Stored items:
=====
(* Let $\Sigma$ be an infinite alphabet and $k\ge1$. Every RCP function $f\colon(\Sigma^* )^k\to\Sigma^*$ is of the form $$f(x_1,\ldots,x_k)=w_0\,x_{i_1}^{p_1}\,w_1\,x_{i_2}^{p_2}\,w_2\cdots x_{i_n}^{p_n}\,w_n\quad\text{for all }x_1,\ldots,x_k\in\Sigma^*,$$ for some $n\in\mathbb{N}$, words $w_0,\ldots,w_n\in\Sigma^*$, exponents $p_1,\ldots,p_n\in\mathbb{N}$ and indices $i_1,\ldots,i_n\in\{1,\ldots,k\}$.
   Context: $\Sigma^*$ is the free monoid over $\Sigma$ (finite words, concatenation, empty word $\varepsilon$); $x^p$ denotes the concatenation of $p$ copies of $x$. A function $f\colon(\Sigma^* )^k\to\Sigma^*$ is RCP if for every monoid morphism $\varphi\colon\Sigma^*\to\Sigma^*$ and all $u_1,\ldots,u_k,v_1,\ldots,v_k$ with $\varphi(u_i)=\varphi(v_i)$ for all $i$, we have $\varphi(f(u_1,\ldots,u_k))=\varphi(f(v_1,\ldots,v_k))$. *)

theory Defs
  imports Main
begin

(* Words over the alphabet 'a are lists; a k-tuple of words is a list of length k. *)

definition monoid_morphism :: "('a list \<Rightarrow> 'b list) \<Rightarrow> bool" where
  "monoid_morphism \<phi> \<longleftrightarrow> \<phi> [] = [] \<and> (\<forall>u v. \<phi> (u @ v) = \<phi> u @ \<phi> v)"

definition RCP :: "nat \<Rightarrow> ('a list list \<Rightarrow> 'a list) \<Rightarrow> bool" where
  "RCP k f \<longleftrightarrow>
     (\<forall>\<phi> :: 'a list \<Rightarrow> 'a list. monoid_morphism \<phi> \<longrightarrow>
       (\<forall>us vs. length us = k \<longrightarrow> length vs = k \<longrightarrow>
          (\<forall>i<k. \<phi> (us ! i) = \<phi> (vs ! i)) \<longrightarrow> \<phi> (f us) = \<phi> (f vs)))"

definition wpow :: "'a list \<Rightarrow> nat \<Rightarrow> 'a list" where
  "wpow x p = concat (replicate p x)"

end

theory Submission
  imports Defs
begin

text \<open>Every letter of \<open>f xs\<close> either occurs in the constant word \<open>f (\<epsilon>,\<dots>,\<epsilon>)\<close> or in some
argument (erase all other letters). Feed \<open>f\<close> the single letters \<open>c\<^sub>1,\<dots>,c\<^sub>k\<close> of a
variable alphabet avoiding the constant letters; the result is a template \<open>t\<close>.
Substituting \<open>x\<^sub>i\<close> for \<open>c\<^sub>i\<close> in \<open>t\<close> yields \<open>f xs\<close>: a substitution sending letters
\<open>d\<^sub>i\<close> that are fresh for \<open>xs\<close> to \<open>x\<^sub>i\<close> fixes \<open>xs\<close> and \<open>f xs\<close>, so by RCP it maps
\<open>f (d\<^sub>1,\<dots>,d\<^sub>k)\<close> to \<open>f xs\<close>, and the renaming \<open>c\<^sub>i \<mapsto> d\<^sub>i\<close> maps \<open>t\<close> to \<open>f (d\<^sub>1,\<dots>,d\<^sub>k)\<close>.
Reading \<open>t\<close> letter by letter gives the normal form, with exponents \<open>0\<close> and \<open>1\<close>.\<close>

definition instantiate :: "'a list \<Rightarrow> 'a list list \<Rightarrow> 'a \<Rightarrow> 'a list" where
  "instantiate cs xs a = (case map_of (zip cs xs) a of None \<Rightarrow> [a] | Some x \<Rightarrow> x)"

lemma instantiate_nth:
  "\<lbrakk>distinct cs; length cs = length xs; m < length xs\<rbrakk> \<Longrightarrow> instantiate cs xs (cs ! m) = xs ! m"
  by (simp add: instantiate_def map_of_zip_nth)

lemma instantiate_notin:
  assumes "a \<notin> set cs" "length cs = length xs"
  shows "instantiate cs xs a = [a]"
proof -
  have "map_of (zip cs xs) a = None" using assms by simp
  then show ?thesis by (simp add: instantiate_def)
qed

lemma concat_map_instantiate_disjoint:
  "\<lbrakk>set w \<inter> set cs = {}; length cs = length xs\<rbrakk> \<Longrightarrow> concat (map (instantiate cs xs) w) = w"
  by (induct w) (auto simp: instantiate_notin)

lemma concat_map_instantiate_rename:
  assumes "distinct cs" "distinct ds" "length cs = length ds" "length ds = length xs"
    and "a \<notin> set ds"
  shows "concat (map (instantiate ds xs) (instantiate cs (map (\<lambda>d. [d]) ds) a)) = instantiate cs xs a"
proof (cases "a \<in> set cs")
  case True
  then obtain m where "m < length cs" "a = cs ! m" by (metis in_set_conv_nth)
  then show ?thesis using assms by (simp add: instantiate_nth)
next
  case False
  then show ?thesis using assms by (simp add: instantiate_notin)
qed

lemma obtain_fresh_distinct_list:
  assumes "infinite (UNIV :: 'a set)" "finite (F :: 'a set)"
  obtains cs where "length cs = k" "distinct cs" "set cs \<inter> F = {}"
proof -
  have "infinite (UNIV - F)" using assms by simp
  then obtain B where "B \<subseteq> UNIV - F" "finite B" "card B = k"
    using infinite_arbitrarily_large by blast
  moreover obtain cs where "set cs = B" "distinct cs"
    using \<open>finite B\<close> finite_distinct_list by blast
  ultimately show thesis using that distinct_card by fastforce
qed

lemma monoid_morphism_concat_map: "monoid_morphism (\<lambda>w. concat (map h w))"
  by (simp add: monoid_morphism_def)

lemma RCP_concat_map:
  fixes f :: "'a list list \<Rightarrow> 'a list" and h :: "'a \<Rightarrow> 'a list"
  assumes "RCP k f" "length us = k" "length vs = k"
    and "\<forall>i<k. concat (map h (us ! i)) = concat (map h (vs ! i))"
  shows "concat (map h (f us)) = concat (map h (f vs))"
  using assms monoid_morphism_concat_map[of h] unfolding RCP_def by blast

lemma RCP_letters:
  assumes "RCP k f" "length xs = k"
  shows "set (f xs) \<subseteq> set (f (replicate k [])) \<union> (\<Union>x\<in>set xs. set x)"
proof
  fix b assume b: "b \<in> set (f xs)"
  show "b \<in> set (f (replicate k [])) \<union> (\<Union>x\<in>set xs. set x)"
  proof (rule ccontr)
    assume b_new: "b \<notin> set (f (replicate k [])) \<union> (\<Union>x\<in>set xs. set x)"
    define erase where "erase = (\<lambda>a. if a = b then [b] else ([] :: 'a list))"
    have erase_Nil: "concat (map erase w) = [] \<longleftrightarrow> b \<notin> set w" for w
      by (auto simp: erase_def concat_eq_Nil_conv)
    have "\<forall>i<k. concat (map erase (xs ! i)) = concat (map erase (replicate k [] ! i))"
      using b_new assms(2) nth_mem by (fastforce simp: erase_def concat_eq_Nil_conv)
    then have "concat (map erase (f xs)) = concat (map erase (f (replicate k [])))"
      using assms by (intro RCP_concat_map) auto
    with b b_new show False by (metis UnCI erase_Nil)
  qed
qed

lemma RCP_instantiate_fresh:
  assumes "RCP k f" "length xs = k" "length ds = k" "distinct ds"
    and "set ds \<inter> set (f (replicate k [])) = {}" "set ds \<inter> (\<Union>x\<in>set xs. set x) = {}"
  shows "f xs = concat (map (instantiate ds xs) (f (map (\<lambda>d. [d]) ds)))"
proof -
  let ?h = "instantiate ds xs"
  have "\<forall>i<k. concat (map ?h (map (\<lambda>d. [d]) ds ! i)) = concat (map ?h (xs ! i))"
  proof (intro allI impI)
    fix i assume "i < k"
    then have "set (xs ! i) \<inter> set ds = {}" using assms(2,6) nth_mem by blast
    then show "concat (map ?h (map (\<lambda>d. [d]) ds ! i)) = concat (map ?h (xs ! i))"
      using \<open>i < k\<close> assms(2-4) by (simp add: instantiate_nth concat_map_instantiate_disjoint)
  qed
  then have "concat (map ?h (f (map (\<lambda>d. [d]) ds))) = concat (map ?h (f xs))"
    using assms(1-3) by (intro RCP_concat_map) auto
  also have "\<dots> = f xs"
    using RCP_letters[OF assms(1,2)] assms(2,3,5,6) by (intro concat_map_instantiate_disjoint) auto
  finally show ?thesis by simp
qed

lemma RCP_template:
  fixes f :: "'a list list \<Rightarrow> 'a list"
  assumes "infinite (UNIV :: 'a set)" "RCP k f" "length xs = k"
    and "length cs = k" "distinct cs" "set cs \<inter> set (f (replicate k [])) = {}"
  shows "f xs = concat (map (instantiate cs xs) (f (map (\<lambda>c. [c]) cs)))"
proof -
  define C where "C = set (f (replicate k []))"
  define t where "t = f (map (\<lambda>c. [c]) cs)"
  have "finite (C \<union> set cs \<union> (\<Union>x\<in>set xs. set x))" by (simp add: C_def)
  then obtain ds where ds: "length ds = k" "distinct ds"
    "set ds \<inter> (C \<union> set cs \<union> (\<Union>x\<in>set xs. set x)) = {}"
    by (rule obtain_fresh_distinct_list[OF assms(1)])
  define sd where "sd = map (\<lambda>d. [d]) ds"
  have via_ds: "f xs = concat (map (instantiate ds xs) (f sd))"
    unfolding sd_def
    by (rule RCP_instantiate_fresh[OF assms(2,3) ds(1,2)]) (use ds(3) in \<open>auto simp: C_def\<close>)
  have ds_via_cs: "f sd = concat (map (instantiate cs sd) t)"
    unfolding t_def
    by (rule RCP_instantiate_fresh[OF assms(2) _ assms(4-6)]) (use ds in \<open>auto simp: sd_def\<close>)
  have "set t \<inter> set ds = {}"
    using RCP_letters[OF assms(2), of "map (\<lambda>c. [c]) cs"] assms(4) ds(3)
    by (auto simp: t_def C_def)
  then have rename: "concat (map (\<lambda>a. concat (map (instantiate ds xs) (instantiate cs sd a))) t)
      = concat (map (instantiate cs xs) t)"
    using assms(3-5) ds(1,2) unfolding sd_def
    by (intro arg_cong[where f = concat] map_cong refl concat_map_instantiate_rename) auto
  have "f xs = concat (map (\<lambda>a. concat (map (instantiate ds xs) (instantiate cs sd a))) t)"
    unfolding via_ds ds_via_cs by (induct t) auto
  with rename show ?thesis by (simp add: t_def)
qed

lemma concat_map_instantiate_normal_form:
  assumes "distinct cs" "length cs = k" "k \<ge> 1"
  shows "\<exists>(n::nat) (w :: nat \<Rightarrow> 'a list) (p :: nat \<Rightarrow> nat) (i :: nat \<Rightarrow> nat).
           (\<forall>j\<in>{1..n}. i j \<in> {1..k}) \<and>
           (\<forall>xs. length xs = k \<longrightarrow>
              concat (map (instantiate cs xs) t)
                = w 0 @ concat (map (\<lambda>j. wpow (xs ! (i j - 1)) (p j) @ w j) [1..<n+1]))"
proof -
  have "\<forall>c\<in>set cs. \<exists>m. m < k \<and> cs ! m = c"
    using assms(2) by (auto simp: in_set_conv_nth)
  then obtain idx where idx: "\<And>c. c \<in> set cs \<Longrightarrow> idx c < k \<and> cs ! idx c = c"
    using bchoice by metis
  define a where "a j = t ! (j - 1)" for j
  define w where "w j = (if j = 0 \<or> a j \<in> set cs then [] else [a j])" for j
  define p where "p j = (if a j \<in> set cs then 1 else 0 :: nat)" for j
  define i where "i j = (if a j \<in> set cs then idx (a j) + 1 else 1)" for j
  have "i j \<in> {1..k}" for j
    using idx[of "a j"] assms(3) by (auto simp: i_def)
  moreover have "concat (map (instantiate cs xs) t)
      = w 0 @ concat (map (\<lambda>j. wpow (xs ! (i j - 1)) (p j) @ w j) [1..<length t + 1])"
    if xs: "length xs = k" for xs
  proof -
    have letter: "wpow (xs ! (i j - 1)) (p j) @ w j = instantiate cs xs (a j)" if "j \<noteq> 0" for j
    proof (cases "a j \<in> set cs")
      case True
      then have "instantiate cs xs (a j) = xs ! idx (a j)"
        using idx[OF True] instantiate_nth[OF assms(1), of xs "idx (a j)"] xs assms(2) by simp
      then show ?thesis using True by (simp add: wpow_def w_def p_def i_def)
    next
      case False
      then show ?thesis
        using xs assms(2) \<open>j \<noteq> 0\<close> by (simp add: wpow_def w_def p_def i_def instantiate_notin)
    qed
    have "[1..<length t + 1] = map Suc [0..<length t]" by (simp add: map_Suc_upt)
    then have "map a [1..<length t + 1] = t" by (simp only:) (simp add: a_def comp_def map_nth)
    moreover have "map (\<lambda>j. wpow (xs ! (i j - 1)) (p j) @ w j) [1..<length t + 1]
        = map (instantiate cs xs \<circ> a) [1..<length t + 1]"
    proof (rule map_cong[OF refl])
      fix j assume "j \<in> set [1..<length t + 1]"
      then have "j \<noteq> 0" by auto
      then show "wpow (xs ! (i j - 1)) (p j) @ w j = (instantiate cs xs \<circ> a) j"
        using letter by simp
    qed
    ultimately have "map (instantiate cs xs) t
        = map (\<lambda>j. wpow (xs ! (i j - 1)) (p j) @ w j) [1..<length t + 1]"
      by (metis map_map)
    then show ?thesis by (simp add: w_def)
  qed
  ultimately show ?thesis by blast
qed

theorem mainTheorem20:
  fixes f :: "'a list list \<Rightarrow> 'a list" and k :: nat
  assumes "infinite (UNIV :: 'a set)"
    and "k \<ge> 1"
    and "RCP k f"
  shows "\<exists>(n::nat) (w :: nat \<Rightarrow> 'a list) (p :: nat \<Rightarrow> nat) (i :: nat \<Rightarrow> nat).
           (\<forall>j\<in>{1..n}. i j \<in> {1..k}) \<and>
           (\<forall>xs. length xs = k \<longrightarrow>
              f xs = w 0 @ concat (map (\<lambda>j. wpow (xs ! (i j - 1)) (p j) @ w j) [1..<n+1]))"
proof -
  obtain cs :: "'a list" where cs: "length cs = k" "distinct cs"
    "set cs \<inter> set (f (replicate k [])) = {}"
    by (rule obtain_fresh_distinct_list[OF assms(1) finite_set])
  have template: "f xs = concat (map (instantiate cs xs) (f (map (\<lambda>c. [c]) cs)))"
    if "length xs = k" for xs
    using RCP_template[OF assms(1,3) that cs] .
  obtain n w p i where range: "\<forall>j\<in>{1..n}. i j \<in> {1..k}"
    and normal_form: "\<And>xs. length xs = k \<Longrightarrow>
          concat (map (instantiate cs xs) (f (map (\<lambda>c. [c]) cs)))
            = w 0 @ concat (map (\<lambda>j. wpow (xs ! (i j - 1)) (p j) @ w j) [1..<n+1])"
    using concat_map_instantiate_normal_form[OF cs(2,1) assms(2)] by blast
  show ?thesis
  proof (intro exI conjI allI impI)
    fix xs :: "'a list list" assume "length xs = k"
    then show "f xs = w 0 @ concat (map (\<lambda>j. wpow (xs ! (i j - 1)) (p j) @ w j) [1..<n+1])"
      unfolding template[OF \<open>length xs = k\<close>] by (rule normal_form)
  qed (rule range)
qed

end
=====
◆ Required action
Would you print exactly the lines from the first line of the entries above through the line that has "(* Words over", both included, and stop there?

◆ Response to the exercise
(* Let $\Sigma$ be an infinite alphabet and $k\ge1$. Every RCP function $f\colon(\Sigma^* )^k\to\Sigma^*$ is of the form $$f(x_1,\ldots,x_k)=w_0\,x_{i_1}^{p_1}\,w_1\,x_{i_2}^{p_2}\,w_2\cdots x_{i_n}^{p_n}\,w_n\quad\text{for all }x_1,\ldots,x_k\in\Sigma^*,$$ for some $n\in\mathbb{N}$, words $w_0,\ldots,w_n\in\Sigma^*$, exponents $p_1,\ldots,p_n\in\mathbb{N}$ and indices $i_1,\ldots,i_n\in\{1,\ldots,k\}$.
   Context: $\Sigma^*$ is the free monoid over $\Sigma$ (finite words, concatenation, empty word $\varepsilon$); $x^p$ denotes the concatenation of $p$ copies of $x$. A function $f\colon(\Sigma^* )^k\to\Sigma^*$ is RCP if for every monoid morphism $\varphi\colon\Sigma^*\to\Sigma^*$ and all $u_1,\ldots,u_k,v_1,\ldots,v_k$ with $\varphi(u_i)=\varphi(v_i)$ for all $i$, we have $\varphi(f(u_1,\ldots,u_k))=\varphi(f(v_1,\ldots,v_k))$. *)

theory Defs
  imports Main
begin

(* Words over the alphabet 'a are lists; a k-tuple of words is a list of length k. *)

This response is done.